Ms. Wilson submits the officers executing the search failed to knock and announce their identity before entering the residence. The testimony indicated that the officers entered the home while they were identifying themselves. Ms. Wilson relies upon Miller v. United States, 357 U.S. 301, 78 S.Ct. 1190, 2 L.Ed.2d 1332 (1958), as the sole authority for her argument. The appellant contends, based upon Miller, that the Fourth Amendment requires officers to knock and announce prior to entering the residence. However, Miller involved a statute, 18 U.S.C. § 3109, which specified that a law enforcement officer, executing a search warrant, may break open a door only if, "after notice of his authority and purpose," he is denied admittance. The Fourth Amendment was not mentioned.

There is no authority for Ms. Wilson's theory that the knock and announce principle is required by the Fourth Amendment. Furthermore, Ark.R.Crim.P. 13.3 outlines the procedure to be followed in the execution of a search warrant, and provides in part:

(e) The executing officer, and other officers accompanying and assisting him, may use such degree of force, short of deadly force, against persons, or to effect entry or to open containers as is reasonably necessary for the successful execution of the search warrant with all practicable safety.

Rule 13.3 does not contain a "knock and announce" rule. See also Dodson v. State, 4 Ark.App. 1, 626 S.W.2d 624 (1982) (Glaze, J., concurring), cert. denied, 457 U.S. 1136, 102 S.Ct. 2966, 73 L.Ed.2d 1355 (1982)."[1]

Opinion of the Supreme Court[edit]

In a unanimous (9–0) decision, the Supreme Court reversed the decision of the Arkansas Supreme Court, finding for Wilson.[2] Clarence Thomas authored the majority opinion, arguing that the "knock-and-announce" rule is a part of the reasonableness standard applied while conducting a search, according to the rules of common law":

The Fourth Amendment to the Constitution protects "[t]he right of the people to be secure in their persons, houses, papers, and effects, against unreasonable searches and seizures." In evaluating the scope of this right, we have looked to the traditional protections against unreasonable searches and seizures afforded by the common law at the time of the framing. See California v. Hodari D., 499 U.S. 621, 624 (1991); United States v. Watson, 423 U.S. 411, 418-420 (1976); Carroll v. United States, 267 U.S. 132, 149 (1925). "Although the underlying command of the Fourth Amendment is always that searches and seizures be reasonable," New Jersey v. T. L. O., 469 U.S. 325, 337 (1985), our effort to give content to this term may be guided by the meaning ascribed to it by the Framers of the Amendment.
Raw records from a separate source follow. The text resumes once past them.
(* If a semigroup $\langle A;\cdot\rangle$ is an inflation of a subsemigroup which is a rectangular band of periodic commutative groups, and the product of any two idempotents of $A$ is an idempotent, then $\langle A;\cdot\rangle$ is a Hamiltonian algebra.
   Context: A semigroup $\langle T;\cdot\rangle$ is a rectangular band of semigroups $T_{i\lambda}$ if $\{T_{i\lambda}\mid i\in I,\lambda\in\Lambda\}$ is a partition of $T$ into subsemigroups with $T_{i\lambda}\cdot T_{j\mu}\subseteq T_{i\mu}$ for all $i,j\in I$, $\lambda,\mu\in\Lambda$; it is a rectangular band of periodic commutative groups if each $\langle T_{i\lambda};\cdot\rangle$ is a commutative group all of whose elements have finite order. A semigroup $\langle A;\cdot\rangle$ is an inflation of a subsemigroup $\langle B;\cdot\rangle$ if there is a partition $\{X_b\mid b\in B\}$ of $A$ with $b\in X_b$ and $x\cdot y=a\cdot b$ for all $a,b\in B$, $x\in X_a$, $y\in X_b$. An idempotent is $e$ with $ee=e$. Subalgebras of a semigroup are its nonempty subsets closed under $\cdot$; an algebra is called Hamiltonian if the universe of every subalgebra is an equivalence class (block) of some congruence of the algebra. *)

theory Defs
  imports "HOL-Algebra.Group"
begin

text \<open>A semigroup is modelled as a HOL-Algebra structure G with 'sg G' (closed, associative);
  only the carrier and the multiplication are used (the 'one' field is ignored).\<close>

definition sg :: "('a, 'b) monoid_scheme \<Rightarrow> bool" where
  "sg G \<longleftrightarrow> (\<forall>x\<in>carrier G. \<forall>y\<in>carrier G. x \<otimes>\<^bsub>G\<^esub> y \<in> carrier G) \<and>
     (\<forall>x\<in>carrier G. \<forall>y\<in>carrier G. \<forall>z\<in>carrier G.
        (x \<otimes>\<^bsub>G\<^esub> y) \<otimes>\<^bsub>G\<^esub> z = x \<otimes>\<^bsub>G\<^esub> (y \<otimes>\<^bsub>G\<^esub> z))"

definition subalg :: "('a, 'b) monoid_scheme \<Rightarrow> 'a set \<Rightarrow> bool" where
  "subalg G S \<longleftrightarrow> S \<noteq> {} \<and> S \<subseteq> carrier G \<and> (\<forall>x\<in>S. \<forall>y\<in>S. x \<otimes>\<^bsub>G\<^esub> y \<in> S)"

definition sg_congruence :: "('a, 'b) monoid_scheme \<Rightarrow> ('a \<times> 'a) set \<Rightarrow> bool" where
  "sg_congruence G R \<longleftrightarrow> equiv (carrier G) R \<and>
     (\<forall>a b c d. (a, b) \<in> R \<longrightarrow> (c, d) \<in> R \<longrightarrow> (a \<otimes>\<^bsub>G\<^esub> c, b \<otimes>\<^bsub>G\<^esub> d) \<in> R)"

definition hamiltonian :: "('a, 'b) monoid_scheme \<Rightarrow> bool" where
  "hamiltonian G \<longleftrightarrow> (\<forall>S. subalg G S \<longrightarrow> (\<exists>R. sg_congruence G R \<and> S \<in> carrier G // R))"

definition idempotent :: "('a, 'b) monoid_scheme \<Rightarrow> 'a \<Rightarrow> bool" where
  "idempotent G e \<longleftrightarrow> e \<in> carrier G \<and> e \<otimes>\<^bsub>G\<^esub> e = e"

definition periodic_comm_group_on :: "('a, 'b) monoid_scheme \<Rightarrow> 'a set \<Rightarrow> bool" where
  "periodic_comm_group_on G T \<longleftrightarrow>
     (\<exists>e. comm_group \<lparr>carrier = T, mult = mult G, one = e\<rparr> \<and>
          (\<forall>x\<in>T. \<exists>n::nat. n > 0 \<and> x [^]\<^bsub>\<lparr>carrier = T, mult = mult G, one = e\<rparr>\<^esub> n = e))"

definition rect_band_pcg ::
  "('a, 'b) monoid_scheme \<Rightarrow> 'a set \<Rightarrow> 'i set \<Rightarrow> 'l set \<Rightarrow> ('i \<Rightarrow> 'l \<Rightarrow> 'a set) \<Rightarrow> bool" where
  "rect_band_pcg G B I L T \<longleftrightarrow>
     (\<forall>i\<in>I. \<forall>l\<in>L. subalg G (T i l) \<and> periodic_comm_group_on G (T i l)) \<and>
     (\<Union>i\<in>I. \<Union>l\<in>L. T i l) = B \<and>
     (\<forall>i\<in>I. \<forall>j\<in>I. \<forall>l\<in>L. \<forall>m\<in>L. (i, l) \<noteq> (j, m) \<longrightarrow> T i l \<inter> T j m = {}) \<and>
     (\<forall>i\<in>I. \<forall>j\<in>I. \<forall>l\<in>L. \<forall>m\<in>L. \<forall>x\<in>T i l. \<forall>y\<in>T j m. x \<otimes>\<^bsub>G\<^esub> y \<in> T i m)"

definition inflation :: "('a, 'b) monoid_scheme \<Rightarrow> 'a set \<Rightarrow> ('a \<Rightarrow> 'a set) \<Rightarrow> bool" where
  "inflation G B X \<longleftrightarrow>
     subalg G B \<and>
     (\<forall>b\<in>B. b \<in> X b) \<and>
     (\<Union>b\<in>B. X b) = carrier G \<and>
     (\<forall>a\<in>B. \<forall>b\<in>B. a \<noteq> b \<longrightarrow> X a \<inter> X b = {}) \<and>
     (\<forall>a\<in>B. \<forall>b\<in>B. \<forall>x\<in>X a. \<forall>y\<in>X b. x \<otimes>\<^bsub>G\<^esub> y = a \<otimes>\<^bsub>G\<^esub> b)"

end

theory Submission
  imports Defs "HOL-Algebra.Coset"
begin

text \<open>In an inflation x y only depends on the B-parts of x and y, so
  squares lie in B and Q = S \<inter> B is a nonempty subsemigroup of B; moreover S is closed under the
  retraction onto B: for an idempotent f \<in> Q and x \<in> X b, both b f = x f and f b = f x lie in Q,
  and b = (b f) e for an idempotent e \<in> Q. Since products of idempotents are idempotent, the
  units e(i,\<lambda>) of the groups T(i,\<lambda>) multiply as a rectangular band, whence
  u e v = u v for all u, v \<in> B and every unit e. Fix a unit f \<in> Q, lying in the group T(i,\<lambda>).
  Then u \<mapsto> f u f is a homomorphism from B to T(i,\<lambda>), and Q is a class of the congruence on B
  that identifies all rows meeting Q, all columns meeting Q, and compares f u f modulo the subgroup
  Q \<inter> T(i,\<lambda>) (a subgroup by periodicity). This congruence lifts to A with S as a
  class and singleton classes outside S \<union> B.\<close>

lemma inflation_mult_mem:
  assumes "inflation G B X" "x \<in> carrier G" "y \<in> carrier G"
  shows "x \<otimes>\<^bsub>G\<^esub> y \<in> B"
proof -
  from assms obtain a b where "a \<in> B" "x \<in> X a" "b \<in> B" "y \<in> X b"
    unfolding inflation_def by (metis UN_iff)
  with assms(1) show ?thesis unfolding inflation_def subalg_def by metis
qed

lemma inflation_subalg_inter_nonempty:
  assumes "inflation G B X" "subalg G S"
  shows "S \<inter> B \<noteq> {}"
proof -
  obtain s where "s \<in> S" "s \<in> carrier G" using assms(2) unfolding subalg_def by blast
  then have "s \<otimes>\<^bsub>G\<^esub> s \<in> S \<inter> B"
    using inflation_mult_mem[OF assms(1)] assms(2) unfolding subalg_def by blast
  then show ?thesis by blast
qed
(* Let $e_1,\dots,e_N$ be $N$ entities, each entity $e$ having a utility $U(e)\ge 0$, a perceived relevance (click probability given view) $C(e)\in[0,1]$ and an abandonment probability $\gamma(e)\ge 0$ with $0< C(e)+\gamma(e)\le 1$. For a ranking (ordering) $\langle e_{1},\dots,e_{N}\rangle$ of the entities, define its expected utility $$E(U)=\sum_{i=1}^{N}U(e_i)\,C(e_i)\prod_{j=1}^{i-1}\Big[1-\big(C(e_j)+\gamma(e_j)\big)\Big].$$ Then $E(U)$ is maximized (over all orderings) by placing the entities in descending order of $$CE(e)=\frac{U(e)\,C(e)}{C(e)+\gamma(e)}.$$
   Context: Click model: the user browses the ranked list from top to bottom; having viewed the entity at position $i$, the user clicks it with probability $C(e_i)$, abandons browsing with probability $\gamma(e_i)$, and otherwise proceeds to the next entity. Hence the click probability of the entity at position $i$ is $C(e_i)\prod_{j<i}[1-(C(e_j)+\gamma(e_j))]$, and $E(U)$ is the expected total utility of clicked entities. *)

theory Defs
  imports Main "HOL.Real"
begin

definition expected_utility ::
  "('a \<Rightarrow> real) \<Rightarrow> ('a \<Rightarrow> real) \<Rightarrow> ('a \<Rightarrow> real) \<Rightarrow> 'a list \<Rightarrow> real" where
  "expected_utility U C \<gamma> xs =
     (\<Sum>i<length xs. U (xs ! i) * C (xs ! i) *
        (\<Prod>j<i. 1 - (C (xs ! j) + \<gamma> (xs ! j))))"

definition CE :: "('a \<Rightarrow> real) \<Rightarrow> ('a \<Rightarrow> real) \<Rightarrow> ('a \<Rightarrow> real) \<Rightarrow> 'a \<Rightarrow> real" where
  "CE U C \<gamma> e = U e * C e / (C e + \<gamma> e)"

definition is_ranking :: "'a set \<Rightarrow> 'a list \<Rightarrow> bool" where
  "is_ranking E xs \<longleftrightarrow> distinct xs \<and> set xs = E"

end

theory Submission
  imports Defs
begin

text \<open>Unfolding one position shows that a ranking behaves like a weighted stack:
  \<open>E(x # w) = U x C x + (1 - (C x + \<gamma> x)) E(w)\<close>. Hence exchanging two adjacent entities
  \<open>y, x\<close> in front of a common tail \<open>w\<close> changes \<open>E\<close> by
  \<open>(C x + \<gamma> x) U y C y - (C y + \<gamma> y) U x C x\<close>, whose sign is that of
  \<open>CE y - CE x\<close>. Moving the entity of largest \<open>CE\<close> to the front by such exchanges never
  decreases \<open>E\<close>, since the factors \<open>1 - (C + \<gamma>)\<close> in front are nonnegative; induction on
  the sorted ranking finishes the argument.\<close>

lemma expected_utility_Nil [simp]: "expected_utility U C g [] = 0"
  by (simp add: expected_utility_def)

lemma expected_utility_Cons [simp]:
  "expected_utility U C g (x # xs) = U x * C x + (1 - (C x + g x)) * expected_utility U C g xs"
proof -
  have "expected_utility U C g (x # xs) =
     U x * C x + (\<Sum>i<length xs. U (xs ! i) * C (xs ! i) *
        ((1 - (C x + g x)) * (\<Prod>j<i. 1 - (C (xs ! j) + g (xs ! j)))))"
    unfolding expected_utility_def
    by (simp only: length_Cons sum.lessThan_Suc_shift prod.lessThan_Suc_shift) simp
  also have "\<dots> = U x * C x + (1 - (C x + g x)) * expected_utility U C g xs"
    unfolding expected_utility_def sum_distrib_left by (simp add: algebra_simps)
  finally show ?thesis .
qed

lemma expected_utility_swap_le:
  assumes "0 < C x + g x" "0 < C y + g y" and "CE U C g y \<le> CE U C g x"
  shows "expected_utility U C g (y # x # w) \<le> expected_utility U C g (x # y # w)"
proof -
  have "(C x + g x) * (U y * C y) \<le> (C y + g y) * (U x * C x)"
    using assms by (simp add: CE_def divide_simps mult.commute)
  then show ?thesis by (simp add: algebra_simps)
qed

lemma expected_utility_move_to_front:
  assumes "\<forall>e\<in>set (x # ys). 0 < C e + g e \<and> C e + g e \<le> 1"
    and "\<forall>y\<in>set ys. CE U C g y \<le> CE U C g x"
  shows "expected_utility U C g (ys @ x # zs) \<le> expected_utility U C g (x # ys @ zs)"
  using assms
proof (induction ys)
  case Nil
  then show ?case by simp
next
  case (Cons y ys)
  then have "0 \<le> 1 - (C y + g y)" by simp
  with Cons have "expected_utility U C g ((y # ys) @ x # zs)
      \<le> expected_utility U C g (y # x # ys @ zs)"
    by (simp add: mult_left_mono)
  also have "\<dots> \<le> expected_utility U C g (x # y # ys @ zs)"
    using Cons.prems by (intro expected_utility_swap_le) auto
  finally show ?case by simp
qed

lemma expected_utility_le_sorted:
  assumes "\<forall>e\<in>set xs. 0 < C e + g e \<and> C e + g e \<le> 1"
    and "distinct xs" "sorted_wrt (\<lambda>a b. CE U C g a \<ge> CE U C g b) xs"
    and "distinct ys" "set ys = set xs"
  shows "expected_utility U C g ys \<le> expected_utility U C g xs"
  using assms
proof (induction xs arbitrary: ys)
  case Nil
  then show ?case by simp
next
  case (Cons x xs)
  then obtain a b where ys: "ys = a @ x # b"
    by (metis list.set_intros(1) split_list)
  with Cons.prems have x_notin: "x \<notin> set a" "x \<notin> set b" by auto
  with Cons.prems ys have set_ab: "set (a @ b) = set xs" by auto
  have "expected_utility U C g ys \<le> expected_utility U C g (x # a @ b)"
    unfolding ys using Cons.prems set_ab by (intro expected_utility_move_to_front) auto
  also have "\<dots> \<le> expected_utility U C g (x # xs)"
  proof -
    have "expected_utility U C g (a @ b) \<le> expected_utility U C g xs"
      using Cons set_ab ys by auto
    moreover have "0 \<le> 1 - (C x + g x)" using Cons.prems(1) by simp
    ultimately show ?thesis by (simp add: mult_left_mono)
  qed
  finally show ?case .
qed

theorem theorem1:
  fixes E :: "'a set" and U C \<gamma> :: "'a \<Rightarrow> real" and xs :: "'a list"
  assumes "finite E"
    and "\<And>e. e \<in> E \<Longrightarrow> U e \<ge> 0"
    and "\<And>e. e \<in> E \<Longrightarrow> 0 \<le> C e \<and> C e \<le> 1"
    and "\<And>e. e \<in> E \<Longrightarrow> \<gamma> e \<ge> 0"
    and "\<And>e. e \<in> E \<Longrightarrow> 0 < C e + \<gamma> e \<and> C e + \<gamma> e \<le> 1"
    and "is_ranking E xs"
    and "sorted_wrt (\<lambda>a b. CE U C \<gamma> a \<ge> CE U C \<gamma> b) xs"
  shows "\<forall>ys. is_ranking E ys \<longrightarrow> expected_utility U C \<gamma> ys \<le> expected_utility U C \<gamma> xs"
proof (intro allI impI)
  fix ys assume "is_ranking E ys"
  with assms(5-7) show "expected_utility U C \<gamma> ys \<le> expected_utility U C \<gamma> xs"
    by (intro expected_utility_le_sorted) (auto simp: is_ranking_def)
qed

end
An examination of the common law of search and seizure leaves no doubt that the reasonableness of a search of a dwelling may depend in part on whether law enforcement officers announced their presence and authority prior to entering."[3]

Furthermore, the decision was reversed on the grounds that the Arkansas Supreme Court did not sufficiently address the arguments of the State of Arkansas' justifications for the search and arrest of Wilson and Jacobs":

Respondent contends that the judgment below should be affirmed because the unannounced entry in this case was justified for two reasons. First, respondent argues that police officers reasonably believed that a prior announcement would have placed them in peril, given their knowledge that petitioner had threatened a government informant with a semiautomatic weapon and that Mr. Jacobs had previously been convicted of arson and firebombing. Second, respondent suggests that prior announcement would have produced an unreasonable risk that petitioner would destroy easily disposable narcotics evidence.

These considerations may well provide the necessary justification for the unannounced entry in this case. Because the Arkansas Supreme Court did not address their sufficiency, however, we remand to allow the state courts to make any necessary findings of fact and to make the determination of reasonableness in the first instance."[4]